Moreover, TE-containing lncRNAs control the expression of protein-coding genes through diverse posttranscriptional mechanisms. In contrast to the generation of miRNAs, TEs in some lncRNAs function as competing endogenous RNAs (ceRNAs, also called miRNA sponges) that recruit miRNAs with a complementary sequence from their recognition element in an mRNA, thereby stabilizing the target mRNA. For example, long intergenic non-protein-coding RNA, regulator of reprogramming (Linc-RoR), which is derived from human endogenous retrovirus H (HERV-H), is reported to protect the mRNAs of pluripotency-associated core transcription factors (octamer-binding transcription factor 4 (OCT4), SRY (sex determining region Y)-box 2 (SOX2), and NANOG) from miR-145-mediated degradation in self-renewing ESCs [111] (Fig. 2E). Recently, a primate-specific transcript isoform of the conserved protein coding gene cytochrome P450, family 20, subfamily A, polypeptide 1 (CYP20A1) was found to be untranslated and hence considered an lncRNA (CYP20A1_Alu-LT), harboring a stretch of Alu sequences at the 3’UTR to form a potential miRNA sponge [112]. The 9 miRNAs corresponding to CYP20A1_Alu-LT expression in primary human neurons are deduced to have mRNA targets involved in tissue-specific processes of blood coagulation and neuron development. Other cancer-relevant TE-lncRNAs modulate signaling pathways by competing for the miRNAs that target mRNAs encoding the related proteins; for example, the lncRNA hepatocellular carcinoma up-regulated long non-coding RNA (HULC, consisting of LTR-mammalian LTR transposon 1 A (MLT1A)) is expressed at high levels in liver cancer, and BRAF-activated nonprotein coding RNA (BANCR, consisting of LTR-MER41B) has been shown to act as a sponge for miR-372 to derepress protein kinase cAMP-activated catalytic subunit beta (PRKACB) and for miR-338-3p to derepress insulin-like growth factor 1 receptor (IGF1R) in esophageal squamous cell carcinoma [113,114,115].

SINEUP, a type of lncRNA containing SINE elements that upregulate the translation of target mRNAs, is a bipartite antisense RNA with one effector domain containing the SINE element and an RNA-binding domain to recognize the target mRNA by complementary pairing with the 5’ end sequence surrounding the AUG start codon. The underlying mechanism was recently suggested: the SINE element domain contributes to the recruitment of the RNA binding proteins polypyrimidine tract-binding protein 1 (PTBP1) and heterogeneous nuclear ribonucleoprotein K (HNRNPK), leading to the translocation of the paired lncRNA and target mRNA into the cytoplasm to facilitate the assembly of translational initiation complexes [116]. A lncRNA antisense to mouse ubiquitin carboxy-terminal hydrolase L1 (Uchl1) containing the SINEUP feature has been identified. It increases the translation of Uchl1/Park5, which is essential for brain function and particularly for neuron maintenance [117] (Fig. 2D, right panel). Moreover, a human SINEUP lncRNA discovered in the brain transcriptome was shown to upregulate the translation of protein phosphatase 1 regulatory subunit 12A (PPP1R12A), a downstream effector of inhibitory glutamate receptor delta-1 (GluD1), in postsynaptic cortical pyramidal neurons [118]. This unique regulatory function of TE-containing lncRNAs has recently prompted scientists to design and apply synthetic SINEUP to increase the translation of proteins of interest [119].

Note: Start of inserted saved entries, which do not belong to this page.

lemma quadratic_form_of_rank_one_sum:
  fixes Q :: "'b \<Rightarrow> real"
  shows "(\<Sum>\<beta>\<in>B. \<Sum>\<gamma>\<in>B. Q \<beta> * (\<Sum>u\<in>K. f u * e \<beta> u * e \<gamma> u) * Q \<gamma>) =
    (\<Sum>u\<in>K. f u * (\<Sum>\<beta>\<in>B. Q \<beta> * e \<beta> u)\<^sup>2)"
proof -
  have "(\<Sum>u\<in>K. f u * (\<Sum>\<beta>\<in>B. Q \<beta> * e \<beta> u)\<^sup>2) =
      (\<Sum>u\<in>K. \<Sum>\<beta>\<in>B. \<Sum>\<gamma>\<in>B. Q \<beta> * (f u * e \<beta> u * e \<gamma> u) * Q \<gamma>)"
    by (simp add: power2_eq_square sum_product sum_distrib_left mult_ac)
  also have "\<dots> = (\<Sum>\<beta>\<in>B. \<Sum>u\<in>K. \<Sum>\<gamma>\<in>B. Q \<beta> * (f u * e \<beta> u * e \<gamma> u) * Q \<gamma>)"
    by (rule sum.swap)
  also have "\<dots> = (\<Sum>\<beta>\<in>B. \<Sum>\<gamma>\<in>B. \<Sum>u\<in>K. Q \<beta> * (f u * e \<beta> u * e \<gamma> u) * Q \<gamma>)"
    by (intro sum.cong refl) (rule sum.swap)
  finally show ?thesis by (simp add: sum_distrib_left sum_distrib_right)
qed

section \<open>Flat moment vectors are atomic\<close>

locale flat_moments =
  fixes z :: "('r::finite \<Rightarrow> nat) \<Rightarrow> real" and t :: nat and J :: "('r \<Rightarrow> nat) set"
    and a :: "('r \<Rightarrow> nat) \<Rightarrow> ('r \<Rightarrow> nat) \<Rightarrow> real"
  assumes t_pos: "1 \<le> t"
    and J_subset: "J \<subseteq> mons (t - 1)"
    and column_expansion:
      "\<And>\<alpha> \<rho>. \<alpha> \<in> mons t \<Longrightarrow> \<rho> \<in> mons t \<Longrightarrow> z (\<rho> + \<alpha>) = (\<Sum>j\<in>J. a \<alpha> j * z (\<rho> + j))"
    and coeffs_basis: "\<And>\<alpha>. \<alpha> \<in> J \<Longrightarrow> a \<alpha> = (\<lambda>j. if j = \<alpha> then 1 else 0)"
    and coeffs_supp: "\<And>\<alpha> j. j \<notin> J \<Longrightarrow> a \<alpha> j = 0"
    and gram_pos: "\<And>x. x \<in> supp_on J \<Longrightarrow> x \<noteq> 0 \<Longrightarrow> 0 < gram_form J (\<lambda>j l. z (j + l)) x x"
begin

lemma finite_J: "finite J"
  using J_subset finite_mons by (rule finite_subset)

sublocale pos_def_form J "\<lambda>j l. z (j + l)"
  by unfold_locales (auto simp: finite_J add.commute gram_pos)

lemma J_subset_mons: "J \<subseteq> mons t"
  using J_subset mons_mono[of "t - 1" t] by auto

lemma coeffs_supp_on: "a \<alpha> \<in> supp_on J"
  by (simp add: supp_on_def coeffs_supp)

lemma form_coeffs: "\<alpha> \<in> mons t \<Longrightarrow> form (a \<alpha>) y = (\<Sum>l\<in>J. y l * z (l + \<alpha>))"
  unfolding gram_form_def
  by (subst sum.swap) (use J_subset_mons in \<open>auto simp: sum_distrib_left algebra_simps
      column_expansion add.commute intro!: sum.cong\<close>)

lemma form_coeffs_basis: "\<alpha> \<in> mons t \<Longrightarrow> \<gamma> \<in> J \<Longrightarrow> form (a \<alpha>) (a \<gamma>) = z (\<gamma> + \<alpha>)"
  by (simp add: form_coeffs coeffs_basis finite_J of_bool_def[symmetric])

lemma supp_on_expansion: "x \<in> supp_on J \<Longrightarrow> x = (\<Sum>\<gamma>\<in>J. fscale (x \<gamma>) (a \<gamma>))"
proof (rule ext)
  fix l assume "x \<in> supp_on J"
  have "(\<Sum>\<gamma>\<in>J. fscale (x \<gamma>) (a \<gamma>)) l = (\<Sum>\<gamma>\<in>J. x \<gamma> * (if l = \<gamma> then 1 else 0))"
    by (simp add: sum_fun_apply coeffs_basis)
  also have "\<dots> = x l"
    using \<open>x \<in> supp_on J\<close>
    by (cases "l \<in> J") (simp_all add: finite_J supp_on_def if_distrib[of "\<lambda>c. _ * c"] cong: if_cong)
  finally show "x l = (\<Sum>\<gamma>\<in>J. fscale (x \<gamma>) (a \<gamma>)) l" by simp
qed

lemma eq_zero_if_orthogonal_coeffs:
  assumes x: "x \<in> supp_on J" and "\<And>\<gamma>. \<gamma> \<in> J \<Longrightarrow> form x (a \<gamma>) = 0"
  shows "x = 0"
proof -
  have "form x x = form x (\<Sum>\<gamma>\<in>J. fscale (x \<gamma>) (a \<gamma>))" using supp_on_expansion[OF x] by simp
  also have "\<dots> = 0" by (simp add: gram_form_sum_right gram_form_fscale_right assms(2))
  finally show ?thesis using form_nonpos_imp_zero[OF x] by simp
qed

definition mult_op :: "'r \<Rightarrow> (('r \<Rightarrow> nat) \<Rightarrow> real) \<Rightarrow> ('r \<Rightarrow> nat) \<Rightarrow> real" where
  "mult_op i x = (\<lambda>l. \<Sum>j\<in>J. x j * a (j + exp_var i) l)"

lemma mult_op_supp_on: "mult_op i x \<in> supp_on J"
  by (simp add: mult_op_def supp_on_def coeffs_supp)

lemma J_add_exp_var: "j \<in> J \<Longrightarrow> j + exp_var i \<in> mons t"
  using J_subset mons_add_exp_var[OF _ t_pos] by auto
lemma indicators_range:
  "\<forall>\<omega> w. 0 \<le> indicator_s \<omega> w \<and> indicator_s \<omega> w \<le> 1"
  "\<forall>i\<in>s. \<forall>\<omega> w. 0 \<le> indicator_group i \<omega> w \<and> indicator_group i \<omega> w \<le> 1"
  by (auto simp: indicator_s_def indicator_group_def intro: prod_nonneg prod_le_1)

lemma indicators_ignore:
  "\<forall>j\<in>s. ignores indicator_s (j + shift)"
  "\<forall>i\<in>s. ignores (indicator_group i) i \<and> (\<forall>j\<in>s. ignores (indicator_group i) (j + shift))"
proof -
  have s_shift: "j + shift \<notin> s" if "j \<in> s" for j using s_less_shift[of "j + shift"] by auto
  show "\<forall>j\<in>s. ignores indicator_s (j + shift)"
    using embed_upd[OF s_shift] by (simp add: ignores_def indicator_s_def)
  show "\<forall>i\<in>s. ignores (indicator_group i) i \<and> (\<forall>j\<in>s. ignores (indicator_group i) (j + shift))"
    using pick embed_upd[OF s_shift] by (auto simp: ignores_def indicator_group_def embed_upd_image intro!: prod.cong)
qed

lemma mean_indicator_s: "base_prob - err \<le> G.E indicator_s"
proof -
  have "G.E indicator_s = (\<Sum>w\<in>grid. measure_pmf.prob p {f. \<forall>t\<in>{s}. f (embed w ` t) = a t}) / real (card grid)"
    unfolding indicator_s_def using joint_mean_indicator[of "{s}" "\<lambda>w t. embed w ` t" a]
      embed_dsets[OF _ s card_s] by simp
  then have "\<bar>G.E indicator_s - base_prob\<bar> \<le> \<eta>"
    unfolding base_prob_def using embed_prob_close[of _ "{s}" a]
    by (simp add: abs_mean_diff_le G.finite_G G.G_ne)
  moreover have "\<eta> \<le> 2 ^ d * \<eta>" "0 \<le> real d / real L"
    using \<eta>_nonneg mult_right_mono[of 1 "2 ^ d" \<eta>] by simp_all
  then have "\<eta> \<le> err" using \<theta>_nonneg unfolding err_def by linarith
  ultimately show ?thesis by linarith
qed

lemma prob_box_no_collision_le:
  assumes w: "w \<in> grid" and no_collision: "\<forall>u\<in>s. w u \<noteq> w (u + shift)"
  shows "measure_pmf.prob p {f. \<forall>T\<in>Pow s. f (take_copies shift T w ` s) = a s}
    \<le> base_prob ^ 2 ^ d + 2 ^ d * \<eta> + \<theta>"
proof -
  define B where "B = (\<lambda>T. take_copies shift T w ` s) ` Pow s"
  have "measure_pmf.prob p {f. \<forall>T\<in>Pow s. f (take_copies shift T w ` s) = a s}
      = measure_pmf.prob p (\<Inter>t\<in>B. {f. f t = a s})"
    by (rule arg_cong[where f = "measure_pmf.prob p"]) (auto simp: B_def)
  also have "\<dots> \<le> (\<Prod>t\<in>B. measure_pmf.prob p {f. f t = a s}) + \<theta>"
    using box_independent is_box_take_copies[OF w no_collision] a_s card_s
    unfolding box_independent_def B_def by blast
  also have "(\<Prod>t\<in>B. measure_pmf.prob p {f. f t = a s}) \<le> base_prob ^ 2 ^ d + 2 ^ d * \<eta>"
  proof -
    have "measure_pmf.prob p {f. f t = a s} \<le> base_prob + \<eta>" if "t \<in> B" for t
    proof -
      obtain T where T: "t = take_copies shift T w ` s" using \<open>t \<in> B\<close> unfolding B_def by auto
      have "s \<subseteq> {1..n}" "d \<le> card s" using s V card_s by auto
      then have "\<bar>measure_pmf.prob p {f. \<forall>t'\<in>{s}. f (take_copies shift T w ` t') = a s}
          - measure_pmf.prob p {f. \<forall>t'\<in>{s}. f t' = a s}\<bar> \<le> \<eta>"
        using spreadable_strict_mono_prob[OF spreadable _ _ take_copies_strict_mono[OF w] take_copies_image[OF w],
            of "{s}" T "\<lambda>_. a s"] card_s by simp
      then show ?thesis unfolding T base_prob_def by simp
    qed
    then show ?thesis
      using prod_le_power_add[of B "\<lambda>t. measure_pmf.prob p {f. f t = a s}" base_prob \<eta>]
        base_prob_bounds \<eta>_nonneg card_take_copies_box[OF w no_collision] card_s
      by (simp add: B_def measure_pmf.prob_le_1)
  qed
  finally show ?thesis by simp
qed

lemma prob_box_le:
  assumes w: "w \<in> grid"
  shows "measure_pmf.prob p {f. \<forall>T\<in>Pow s. f (take_copies shift T w ` s) = a s}
    \<le> base_prob ^ 2 ^ d + 2 ^ d * \<eta> + \<theta> + (\<Sum>u\<in>s. if w u = w (u + shift) then 1 else 0)"
proof (cases "\<forall>u\<in>s. w u \<noteq> w (u + shift)")
  case True
  then show ?thesis
    using prob_box_no_collision_le[OF w] sum_nonneg[of s "\<lambda>u. if w u = w (u + shift) then 1 else 0 :: real"]
    by force
next
  case False
  then obtain u where u: "u \<in> s" "w u = w (u + shift)" by auto
  have "1 \<le> (\<Sum>u\<in>s. if w u = w (u + shift) then 1 else 0 :: real)"
    using member_le_sum[of u s "\<lambda>u. if w u = w (u + shift) then 1 else 0 :: real"] u finite_s by auto
  moreover have "0 \<le> base_prob ^ 2 ^ d" "0 \<le> 2 ^ d * \<eta>" using base_prob_bounds \<eta>_nonneg by simp_all
  ultimately show ?thesis
    using measure_pmf.prob_le_1[of p "{f. \<forall>T\<in>Pow s. f (take_copies shift T w ` s) = a s}"] \<theta>_nonneg
    by linarith
qed

lemma mean_box_prod_indicator_s: "G.E (box_prod shift s indicator_s) \<le> base_prob ^ 2 ^ card s + err"
proof -
  define c where "c = base_prob ^ 2 ^ d + 2 ^ d * \<eta> + \<theta>"
  have "box_prod shift s indicator_s = (\<lambda>\<omega> w. if \<forall>T\<in>Pow s. \<omega> (take_copies shift T w ` s) = a s then 1 else 0)"
    unfolding box_prod_def indicator_s_def embed_image_s using prod_indicator[of "Pow s"] finite_s
    by (simp add: fun_eq_iff)
  moreover have "take_copies shift T w ` s \<in> dsets {1..n} d" if "w \<in> grid" for w T
    using take_copies_image[OF that] card_s strict_mono_on_imp_inj_on[OF take_copies_strict_mono[OF that]]
    by (simp add: dsets_def card_image)
  ultimately have "G.E (box_prod shift s indicator_s)
      = (\<Sum>w\<in>grid. measure_pmf.prob p {f. \<forall>T\<in>Pow s. f (take_copies shift T w ` s) = a s}) / real (card grid)"
    using joint_mean_indicator[of "Pow s" "\<lambda>w T. take_copies shift T w ` s" "\<lambda>_. a s"] by simp
  also have "\<dots> \<le> (\<Sum>w\<in>grid. c + (\<Sum>u\<in>s. if w u = w (u + shift) then 1 else 0)) / real (card grid)"
    unfolding c_def using prob_box_le G.card_G_pos by (intro divide_right_mono sum_mono) auto
  also have "\<dots> = c + (\<Sum>u\<in>s. \<Sum>w\<in>grid. if w u = w (u + shift) then 1 else 0) / real (card grid)"
    using G.card_G_pos by (simp add: sum.distrib sum.swap[of _ grid s] add_divide_distrib)
  also have "\<dots> = c + real d / real L"
    using G.card_G_pos card_s by (simp add: sum_grid_collisions)
  finally show ?thesis by (simp add: c_def err_def card_s add.assoc)
qed

lemma decorrelation:
  "\<bar>measure_pmf.prob p {f. \<forall>t\<in>insert s F'. f t = a t}
      - base_prob * measure_pmf.prob p {f. \<forall>t\<in>F'. f t = a t}\<bar> \<le> box_err d err + 2 * \<eta>"
proof -
  let ?B = "\<lambda>\<omega> w. \<Prod>u\<in>s. indicator_group u \<omega> w"
  have "\<bar>G.E (\<lambda>\<omega> w. (indicator_s \<omega> w - base_prob) * ?B \<omega> w)\<bar> \<le> box_err (card s) err"
    by (rule G.box_correlation_bound)
      (use finite_s s_less_shift coords_s choices_s indicators_range indicators_ignore base_prob_bounds
        err_nonneg mean_indicator_s mean_box_prod_indicator_s in auto)
  moreover have "G.E (\<lambda>\<omega> w. (indicator_s \<omega> w - base_prob) * ?B \<omega> w)
      = G.E (\<lambda>\<omega> w. indicator_s \<omega> w * ?B \<omega> w) - base_prob * G.E ?B"
    by (simp only: left_diff_distrib G.joint_mean_diff G.joint_mean_cmult)
  moreover have "\<bar>G.E (\<lambda>\<omega> w. indicator_s \<omega> w * ?B \<omega> w) - measure_pmf.prob p {f. \<forall>t\<in>insert s F'. f t = a t}\<bar> \<le> \<eta>"
  proof -
    have "(\<lambda>\<omega> w. indicator_s \<omega> w * ?B \<omega> w)
        = (\<lambda>\<omega> w. if \<forall>t\<in>insert s F'. \<omega> (embed w ` t) = a t then 1 else 0)"
      by (auto simp: fun_eq_iff indicator_s_def prod_indicator_group)
    then have "G.E (\<lambda>\<omega> w. indicator_s \<omega> w * ?B \<omega> w)
        = (\<Sum>w\<in>grid. measure_pmf.prob p {f. \<forall>t\<in>insert s F'. f (embed w ` t) = a t}) / real (card grid)"
      using joint_mean_indicator[of "insert s F'" "\<lambda>w t. embed w ` t" a] embed_dsets_insert by simp
    then show ?thesis
      using embed_prob_close[of _ "insert s F'" a] by (simp add: abs_mean_diff_le G.finite_G G.G_ne)
  qed
  moreover have "\<bar>base_prob * (G.E ?B - measure_pmf.prob p {f. \<forall>t\<in>F'. f t = a t})\<bar> \<le> 1 * \<eta>"
  proof -
    have "G.E ?B = (\<Sum>w\<in>grid. measure_pmf.prob p {f. \<forall>t\<in>F'. f (embed w ` t) = a t}) / real (card grid)"
      using joint_mean_indicator[of F' "\<lambda>w t. embed w ` t" a] embed_dsets_insert
      by (simp add: prod_indicator_group)
    then have "\<bar>G.E ?B - measure_pmf.prob p {f. \<forall>t\<in>F'. f t = a t}\<bar> \<le> \<eta>"
      using embed_prob_close[of _ F' a] by (simp add: abs_mean_diff_le G.finite_G G.G_ne subset_insertI)
    then show ?thesis unfolding abs_mult using base_prob_bounds by (intro mult_mono) auto
  qed
  ultimately show ?thesis using card_s by (simp add: abs_le_iff algebra_simps)
qed

end
lemma lifetime_eq_component_iff:
  fixes x :: "nat \<Rightarrow> real"
  assumes phi: "semicoherent n phi" and j: "j \<in> {1..n}"
    and nonneg: "\<And>i. i \<in> {1..n} \<Longrightarrow> 0 \<le> x i"
    and no_ties: "\<And>i k. i \<in> {1..n} \<Longrightarrow> k \<in> {1..n} \<Longrightarrow> i \<noteq> k \<Longrightarrow> x i \<noteq> x k"
  defines "U \<equiv> {i \<in> {1..n}. x i > x j}"
  shows "Inf (failure_times phi {1..n} x) = x j \<longleftrightarrow> phi (U \<union> {j}) \<and> \<not> phi U"
proof -
  have mono: "\<And>A B. A \<subseteq> B \<Longrightarrow> B \<subseteq> {1..n} \<Longrightarrow> phi A \<Longrightarrow> phi B"
    and "\<not> phi {}" and "phi {1..n}"
    using phi unfolding semicoherent_def by blast+
  define S where "S = failure_times phi {1..n} x"
  have "x j \<in> S \<longleftrightarrow> \<not> phi U"
    using nonneg j by (simp add: S_def failure_times_def U_def)
  moreover have "(\<forall>t \<in> S. x j \<le> t) \<longleftrightarrow> phi (U \<union> {j})"
  proof
    assume critical: "phi (U \<union> {j})"
    show "\<forall>t \<in> S. x j \<le> t"
    proof (intro ballI leI notI)
      fix t assume "t \<in> S" and "t < x j"
      then have "U \<union> {j} \<subseteq> {i \<in> {1..n}. x i > t}"
        using j by (auto simp: U_def)
      then have "phi {i \<in> {1..n}. x i > t}"
        using mono critical by blast
      with \<open>t \<in> S\<close> show False
        by (simp add: S_def failure_times_def)
    qed
  next
    assume first: "\<forall>t \<in> S. x j \<le> t"
    define L where "L = {i \<in> {1..n}. x i < x j}"
    have above_or_below: "x j < x i \<or> i \<in> L" if "i \<in> {1..n}" and "i \<noteq> j" for i
      using no_ties[OF that(1) j that(2)] that(1) by (auto simp: L_def)
    show "phi (U \<union> {j})"
    proof (cases "L = {}")
      case True
      then have "U \<union> {j} = {1..n}"
        using above_or_below j by (auto simp: U_def)
      then show ?thesis
        using \<open>phi {1..n}\<close> by simp
    next
      case False
      have "finite (x ` L)" and "x ` L \<noteq> {}"
        using False by (auto simp: L_def)
      then have "Max (x ` L) \<in> x ` L"
        by (rule Max_in)
      then obtain i0 where i0: "i0 \<in> L" "x i0 = Max (x ` L)"
        by (metis imageE)
      have i0_max: "x i \<le> x i0" if "i \<in> L" for i
        using i0(2) \<open>finite (x ` L)\<close> that by simp
      have "{i \<in> {1..n}. x i > x i0} = U \<union> {j}"
      proof
        show "U \<union> {j} \<subseteq> {i \<in> {1..n}. x i > x i0}"
          using i0(1) j by (auto simp: U_def L_def)
        show "{i \<in> {1..n}. x i > x i0} \<subseteq> U \<union> {j}"
        proof
          fix i assume i: "i \<in> {i \<in> {1..n}. x i > x i0}"
          show "i \<in> U \<union> {j}"
          proof (cases "i = j")
            case False
            with i i0_max above_or_below show ?thesis
              unfolding U_def by fastforce
          qed simp
        qed
      qed
      moreover have "x i0 \<notin> S"
        using first i0(1) by (auto simp: L_def)
      ultimately show ?thesis
        using nonneg i0(1) by (simp add: S_def failure_times_def L_def)
    qed
  qed
  ultimately show ?thesis
    using Inf_failure_times_iff[of "{1..n}" phi x "x j"] \<open>\<not> phi {}\<close> by (auto simp: S_def)
qed
lemma prob_not_two_round_consensus_le:
  assumes p: "0 \<le> p" "p \<le> 1" and \<delta>: "\<delta> < 1/10" and n: "3 \<le> n"
  shows "measure_pmf.prob (gnp n p) {G. \<not> two_round_consensus \<delta> n G}
           \<le> real n * exp (real k / 2 - p * (real n - 1) / 8)
              + 4 ^ n * exp (- (p * real k * real n) / 25)"
proof -
  let ?M = "gnp n p"
  define I where "I = {P. P \<subseteq> V n \<and> 10 * card (V n - P) \<le> n} \<times> {T. T \<subseteq> V n \<and> card T = k}"
  define low_degree where "low_degree = (\<Union>v\<in>V n. {G. card (nbhd n G v) \<le> 2 * k})"
  define outvoted where
    "outvoted = (\<Union>x\<in>I. {G. (\<Sum>v\<in>snd x. \<Sum>u\<in>nbhd n G v. init_state (fst x) u) \<le> 0})"
  have "G \<in> low_degree \<union> outvoted" if "\<not> two_round_consensus \<delta> n G" for G
  proof (rule ccontr)
    assume G: "G \<notin> low_degree \<union> outvoted"
    have "two_round_consensus \<delta> n G"
    proof (rule two_round_consensus_if_degree_and_vote_bounds[OF \<delta>])
      show "2 * k < card (nbhd n G v)" if "v \<in> V n" for v
        using G that by (auto simp: low_degree_def)
      show "0 < (\<Sum>v\<in>T. \<Sum>u\<in>nbhd n G v. init_state P u)"
        if "P \<subseteq> V n" "10 * card (V n - P) \<le> n" "T \<subseteq> V n" "card T = k" for P T
      proof -
        have "(P, T) \<in> I"
          using that by (simp add: I_def)
        then show ?thesis
          using G by (auto simp: outvoted_def)
      qed
    qed
    with that show False ..
  qed
  then have "{G. \<not> two_round_consensus \<delta> n G} \<subseteq> low_degree \<union> outvoted"
    by blast
  then have "measure_pmf.prob ?M {G. \<not> two_round_consensus \<delta> n G}
      \<le> measure_pmf.prob ?M (low_degree \<union> outvoted)"
    by (rule measure_pmf.finite_measure_mono) simp
  also have "\<dots> \<le> measure_pmf.prob ?M low_degree + measure_pmf.prob ?M outvoted"
    by (rule measure_subadditive) (simp_all add: measure_pmf.emeasure_finite)
  finally have "measure_pmf.prob ?M {G. \<not> two_round_consensus \<delta> n G}
      \<le> measure_pmf.prob ?M low_degree + measure_pmf.prob ?M outvoted" .
  moreover have "measure_pmf.prob ?M low_degree \<le> real n * exp (real k / 2 - p * (real n - 1) / 8)"
    unfolding low_degree_def
    using measure_pmf_UN_le_card_mult[OF finite_V prob_card_nbhd_le[OF p]] by simp
  moreover have "measure_pmf.prob ?M outvoted \<le> 4 ^ n * exp (- (p * real k * real n) / 25)"
  proof -
    have I_sub: "I \<subseteq> Pow (V n) \<times> Pow (V n)"
      by (auto simp: I_def)
    have "card I \<le> 4 ^ n"
      using card_mono[OF _ I_sub]
      by (simp add: card_cartesian_product card_Pow power_mult_distrib[symmetric])
    then have "real (card I) \<le> 4 ^ n"
      by (metis of_nat_le_iff of_nat_numeral of_nat_power)
    moreover have "measure_pmf.prob ?M outvoted \<le> real (card I) * exp (- (p * real k * real n) / 25)"
      unfolding outvoted_def using finite_subset[OF I_sub]
      by (intro measure_pmf_UN_le_card_mult prob_first_round_vote_nonpos p n) (auto simp: I_def)
    ultimately show ?thesis
      by (meson exp_ge_zero mult_right_mono order_trans)
  qed
  ultimately show ?thesis by linarith
qed

lemma prob_not_two_round_consensus_le_sqrt:
  assumes p: "0 \<le> p" "p \<le> 1" and \<delta>: "\<delta> < 1/10" and n: "3 \<le> n"
    and dense: "100 * sqrt (real n) \<le> real n * p"
  shows "measure_pmf.prob (gnp n p) {G. \<not> two_round_consensus \<delta> n G}
           \<le> real n * exp (1 - 12 * sqrt (real n)) + 4 ^ n * exp (- 4 * real n)"
proof -
  define k where "k = nat \<lceil>sqrt (real n)\<rceil>"
  have "real k = real_of_int \<lceil>sqrt (real n)\<rceil>"
    by (simp add: k_def)
  then have k: "sqrt (real n) \<le> real k" "real k \<le> sqrt (real n) + 1"
    by linarith+
  have "p * (real n - 1) = real n * p - p"
    by (simp add: algebra_simps)
  then have "real k / 2 - p * (real n - 1) / 8 \<le> 1 - 12 * sqrt (real n)"
    using k dense p by linarith
  then have degree_term:
    "real n * exp (real k / 2 - p * (real n - 1) / 8) \<le> real n * exp (1 - 12 * sqrt (real n))"
    by (intro mult_left_mono) auto
  have "100 * real n \<le> p * real k * real n"
  proof -
    have "100 * real n = 100 * sqrt (real n) * sqrt (real n)"
      by simp
    also have "\<dots> \<le> (real n * p) * real k"
      by (rule mult_mono) (use dense k p in auto)
    finally show ?thesis by (simp add: algebra_simps)
  qed
  then have vote_term:
    "4 ^ n * exp (- (p * real k * real n) / 25) \<le> 4 ^ n * exp (- 4 * real n)"
    by (intro mult_left_mono) auto
  show ?thesis
    using prob_not_two_round_consensus_le[OF p \<delta> n, of k] degree_term vote_term by linarith
qed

One type of TE-containing lncRNA is involved in mRNA degradation, specifically through the Staufen-mediated mRNA decay (SMD) mechanism [120, 121]. STAU (Staufen protein) binds to double-stranded RNA that is formed by imperfect base pairing between an Alu element in the 3’UTR of the target mRNA and another Alu element within a lncRNA (named half-STAU1-binding site RNA, ½-sbsRNA) to elicit the SMD mechanism by recruiting up-frameshift suppressor 1 (UPF1) and UPF2, the core factors in the mRNA degradation pathway. Examples of development-relevant ½-sbsRNA lncRNAs in humans include lncRNAs that target the mRNA of PAX3 (encoding the myogenesis inhibitor paired box gene 3), which is implicated in myogenesis [122], lncRNAs that target the Krüppel-like factor 2 (KLF2) mRNA (the KLF2 protein, in turn, negatively regulates the adipogenic gene PPARγ) in adipogenesis [123], and lncRNAs involved in mouse myogenesis [124], with SINE B1, B2, and B4 subfamilies (except for the primate-specific Alu) among the putative mouse ½-sbsRNAs targeting the 3’UTRs of several mRNAs for degradation (Fig. 2C).

The gray zone between cis and trans: native elongating TE-containing functional RNAs modulate X chromosome inactivation and reactivation

Xist is a well-known lncRNA that is critical for initiating and was recently shown to also be important for maintaining X chromosome inactivation (Xi) in female cells. It consists of various tandem repeats (A–F), possibly originating from a variety of TE families, including ERVs, LINEs and SINEs. When Xist “coats” the inactivating X chromosome, these TE components within the RNA sequence are required for the recruitment of several transcriptional silencers, polycomb repressive histone modifiers, and other factors related to the establishment and maintenance of X chromosome inactivation ([125]; reviewed by Pintacuda, 2017 [126]).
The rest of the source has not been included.